Instructions to follow:
Among the lines below, keep only those from the one containing "using lipschitz_onD[OF assms(1), of" through the one containing "fixes f f' f''", and reproduce them exactly.

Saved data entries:

(* Let F be the distribution function of X. Integrating out Y ~ Exp(1) and substituting t = X + Y
   gives E[exp(-X) h(X + Y)] = \<integral> h(t) exp(-t) F(t) dt for every bounded measurable h (Fubini).
   So the identity says that \<integral> f' dP_X = \<integral> f'(t) exp(-t) F(t) dt for all f in Lip_[2]. Since
   cos(s x) and sin(s x) are such derivatives, Levy's uniqueness theorem makes this equivalent to
   P_X having density exp(-t) F(t). Then F' = exp(-t) F, so F(t) exp(exp(-t)) is constant and,
   as F tends to 1 at infinity, F(t) = exp(-exp(-t)): X is Gumbel. Conversely the Gumbel
   distribution function satisfies F' = exp(-t) F. *)

lemma lipschitz_on_UNIV_if_abs_deriv_le:
  fixes f f' :: "real \<Rightarrow> real"
  assumes "\<And>x. (f has_real_derivative f' x) (at x)" and "\<And>x. \<bar>f' x\<bar> \<le> C"
  shows "C-lipschitz_on UNIV f"
proof (rule bounded_derivative_imp_lipschitz)
  show "(f has_derivative (*) (f' x)) (at x within UNIV)" for x
    using assms(1) by (simp add: has_field_derivative_def mult.commute)
  show "onorm ((*) (f' x)) \<le> C" for x
    by (rule onorm_le) (simp add: abs_mult mult_right_mono assms(2))
  show "0 \<le> C" using abs_ge_zero order_trans assms(2) by blast
qed simp

lemma abs_deriv_le_if_lipschitz_on:
  fixes f :: "real \<Rightarrow> real"
  assumes "L-lipschitz_on UNIV f" and "(f has_real_derivative D) (at x)"
  shows "\<bar>D\<bar> \<le> L"
proof -
  have "((\<lambda>h. \<bar>(f (x + h) - f x) / h\<bar>) \<longlongrightarrow> \<bar>D\<bar>) (at 0)"
    using assms(2) by (intro tendsto_rabs) (simp add: DERIV_def)
  moreover have "\<bar>(f (x + h) - f x) / h\<bar> \<le> L" if "h \<noteq> 0" for h
    using lipschitz_onD[OF assms(1), of "x + h" x] that
    by (simp add: dist_real_def divide_le_eq)
  then have "\<forall>\<^sub>F h in at 0. \<bar>(f (x + h) - f x) / h\<bar> \<le> L"
    by (simp add: eventually_at_filter)
  ultimately show ?thesis by (rule tendsto_upperbound) simp
qed

lemma Lip2I_bounded_derivatives:
  fixes f f' f'' :: "real \<Rightarrow> real"
  assumes "\<And>x. (f has_real_derivative f' x) (at x)" and "\<And>x. (f' has_real_derivative f'' x) (at x)"
    and "\<And>x. \<bar>f' x\<bar> \<le> A" and "\<And>x. \<bar>f'' x\<bar> \<le> B"
  shows "Lip2 f f'"
  unfolding Lip2_def using assms lipschitz_on_UNIV_if_abs_deriv_le by blast

lemma Lip2_abs_deriv_bounded:
  assumes "Lip2 f f'"
  obtains B where "\<And>x. \<bar>f' x\<bar> \<le> B"
  using assms abs_deriv_le_if_lipschitz_on unfolding Lip2_def by metis

lemma Lip2_deriv_measurable:
  assumes "Lip2 f f'"
  shows "f' \<in> borel_measurable borel"
  using assms unfolding Lip2_def
  by (metis borel_measurable_continuous_onI lipschitz_on_continuous_on)

lemma ex_Lip2_cos: "\<exists>f. Lip2 f (\<lambda>x. cos (s * x))"
proof (cases "s = 0")
  case True
  have "Lip2 (\<lambda>x. x) (\<lambda>x. 1)"
    by (rule Lip2I_bounded_derivatives[where f''="\<lambda>x. 0"]) (auto intro: derivative_eq_intros)
  with True show ?thesis by auto
next
  case False
  have "Lip2 (\<lambda>x. sin (s * x) / s) (\<lambda>x. cos (s * x))"
    by (rule Lip2I_bounded_derivatives[where f''="\<lambda>x. - s * sin (s * x)" and A=1 and B="\<bar>s\<bar>"])
      (use False in \<open>auto intro!: derivative_eq_intros simp: abs_mult mult_left_le\<close>)
  then show ?thesis by blast
qed

lemma ex_Lip2_sin: "\<exists>f. Lip2 f (\<lambda>x. sin (s * x))"
proof (cases "s = 0")
  case True
  have "Lip2 (\<lambda>x. 0) (\<lambda>x. 0)"
    by (rule Lip2I_bounded_derivatives[where f''="\<lambda>x. 0"]) auto
  with True show ?thesis by auto
next
  case False
  have "Lip2 (\<lambda>x. - cos (s * x) / s) (\<lambda>x. sin (s * x))"
    by (rule Lip2I_bounded_derivatives[where f''="\<lambda>x. s * cos (s * x)" and A=1 and B="\<bar>s\<bar>"])
      (use False in \<open>auto intro!: derivative_eq_intros simp: abs_mult mult_left_le\<close>)
  then show ?thesis by blast
qed

lemma (in real_distribution) char_eq_integral_cos_sin:
  "char M s = complex_of_real (\<integral>x. cos (s * x) \<partial>M) + \<i> * complex_of_real (\<integral>x. sin (s * x) \<partial>M)"
proof -
  have "integrable M (\<lambda>x. cos (s * x))" "integrable M (\<lambda>x. sin (s * x))"
    by (auto intro: integrable_const_bound[where B=1])
  moreover have "iexp (s * x) = complex_of_real (cos (s * x)) + \<i> * complex_of_real (sin (s * x))" for x
    by (simp only: cis_conv_exp[symmetric]) (simp add: complex_eq_iff)
  ultimately show ?thesis
    by (simp add: char_def complex_of_real_integrable_eq)
qed

lemma real_distribution_eq_density_if_cos_sin:
  fixes q :: "real \<Rightarrow> real"
  assumes "real_distribution \<mu>" and [measurable]: "q \<in> borel_measurable borel" and q_nonneg: "\<And>t. 0 \<le> q t"
    and cos: "\<And>s. (\<integral>x. cos (s * x) \<partial>\<mu>) = (\<integral>t. cos (s * t) * q t \<partial>lborel)"
    and sin: "\<And>s. (\<integral>x. sin (s * x) \<partial>\<mu>) = (\<integral>t. sin (s * t) * q t \<partial>lborel)"
  shows "\<mu> = density lborel q"
proof -
  interpret real_distribution \<mu> by fact
  have q_total: "(\<integral>t. q t \<partial>lborel) = 1"
    using cos[of 0] prob_space by simp
  \<comment> \<open>a non-integrable function has Bochner integral 0\<close>
  then have "integrable lborel q"
    using not_integrable_integral_eq by fastforce
  then have "emeasure (density lborel q) UNIV = 1"
    using q_total by (simp add: emeasure_density nn_integral_eq_integral q_nonneg)
  then have Q: "real_distribution (density lborel q)"
    by (auto simp: real_distribution_def real_distribution_axioms_def intro!: prob_spaceI)
  have "(\<integral>x. g x \<partial>density lborel q) = (\<integral>t. g t * q t \<partial>lborel)"
    if [measurable]: "g \<in> borel_measurable borel" for g :: "real \<Rightarrow> real"
    by (subst integral_density) (auto simp: q_nonneg mult.commute)
  then have "char \<mu> = char (density lborel q)"
    by (simp add: fun_eq_iff char_eq_integral_cos_sin real_distribution.char_eq_integral_cos_sin[OF Q] cos sin)
  then show ?thesis
    by (rule Levy_uniqueness[OF \<open>real_distribution \<mu>\<close> Q])
qed

lemma real_distribution_eq_density_iff_Lip2:
  fixes q :: "real \<Rightarrow> real"
  assumes "real_distribution \<mu>" and [measurable]: "q \<in> borel_measurable borel" and q_nonneg: "\<And>t. 0 \<le> q t"
  shows "\<mu> = density lborel q \<longleftrightarrow>
    (\<forall>f f'. Lip2 f f' \<longrightarrow> (\<integral>x. f' x \<partial>\<mu>) = (\<integral>t. f' t * q t \<partial>lborel))"
proof
  assume "\<mu> = density lborel q"
  then show "\<forall>f f'. Lip2 f f' \<longrightarrow> (\<integral>x. f' x \<partial>\<mu>) = (\<integral>t. f' t * q t \<partial>lborel)"
    using Lip2_deriv_measurable by (auto simp: integral_density q_nonneg mult.commute)
next
  assume "\<forall>f f'. Lip2 f f' \<longrightarrow> (\<integral>x. f' x \<partial>\<mu>) = (\<integral>t. f' t * q t \<partial>lborel)"
  then show "\<mu> = density lborel q"
    using ex_Lip2_cos ex_Lip2_sin by (intro real_distribution_eq_density_if_cos_sin assms) metis+
qed

lemma borel_measurable_cdf [measurable]:
  assumes "real_distribution \<mu>"
  shows "cdf \<mu> \<in> borel_measurable borel"
proof -
  interpret real_distribution \<mu> by fact
  show ?thesis by (rule borel_measurable_mono) (simp add: mono_def cdf_nondecreasing)
qed

lemma cdf_diff_eq_integral_density:
  fixes q :: "real \<Rightarrow> real"
  assumes "real_distribution \<mu>" and \<mu>: "\<mu> = density lborel q"
    and q_nonneg: "\<And>t. 0 \<le> q t" and q_cont: "continuous_on UNIV q" and "a \<le> b"
  shows "cdf \<mu> b - cdf \<mu> a = integral {a..b} q"
proof -
  interpret real_distribution \<mu> by fact
  have [measurable]: "q \<in> borel_measurable borel"
    using q_cont by (rule borel_measurable_continuous_onI)
  have q_int: "q integrable_on {c..d}" for c d
    by (rule integrable_continuous_interval) (simp add: continuous_on_subset[OF q_cont])
  have Icc: "measure \<mu> {c..d} = integral {c..d} q" for c d
  proof -
    have "emeasure \<mu> {c..d} = (\<integral>\<^sup>+t. ennreal (indicator {c..d} t * q t) \<partial>lborel)"
      unfolding \<mu> by (subst emeasure_density) (auto simp: indicator_def intro!: nn_integral_cong)
    also have "\<dots> = ennreal (integral {c..d} q)"
      by (intro nn_integral_has_integral_lebesgue q_nonneg integrable_integral[OF q_int])
    finally show ?thesis
      by (simp add: measure_def integral_nonneg q_int q_nonneg)
  qed
  have "cdf \<mu> b - cdf \<mu> a = measure \<mu> ({a..b} - {a..a})"
    using \<open>a \<le> b\<close> by (cases "a = b") (auto simp: cdf_diff_eq Diff_eq intro!: arg_cong[where f="measure \<mu>"])
  also have "\<dots> = measure \<mu> {a..b} - measure \<mu> {a..a}"
    by (rule finite_measure_Diff) (use \<open>a \<le> b\<close> in auto)
  also have "\<dots> = integral {a..b} q"
    unfolding Icc by simp
  finally show ?thesis .
qed

lemma cdf_has_real_derivative_density:
  fixes q :: "real \<Rightarrow> real"
  assumes "real_distribution \<mu>" and "\<mu> = density lborel q"
    and "\<And>t. 0 \<le> q t" and q_cont: "continuous_on UNIV q"
  shows "(cdf \<mu> has_real_derivative q x) (at x)"
proof -
  have "((\<lambda>y. integral {x - 1..y} q) has_real_derivative q x) (at x)"
    using integral_has_real_derivative[OF continuous_on_subset[OF q_cont], of "x - 1" "x + 1" x]
    by (simp add: at_within_Icc_at)
  then have "((\<lambda>y. cdf \<mu> (x - 1) + integral {x - 1..y} q) has_real_derivative q x) (at x)"
    by (auto intro: derivative_eq_intros)
  then show ?thesis
  proof (rule has_field_derivative_transform_within_open[where S="{x - 1<..}"])
    show "cdf \<mu> (x - 1) + integral {x - 1..y} q = cdf \<mu> y" if "y \<in> {x - 1<..}" for y
      using cdf_diff_eq_integral_density[OF assms, of "x - 1" y] that by simp
  qed auto
qed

Written answer:
    using lipschitz_onD[OF assms(1), of "x + h" x] that
    by (simp add: dist_real_def divide_le_eq)
  then have "\<forall>\<^sub>F h in at 0. \<bar>(f (x + h) - f x) / h\<bar> \<le> L"
    by (simp add: eventually_at_filter)
  ultimately show ?thesis by (rule tendsto_upperbound) simp
qed

lemma Lip2I_bounded_derivatives:
  fixes f f' f'' :: "real \<Rightarrow> real"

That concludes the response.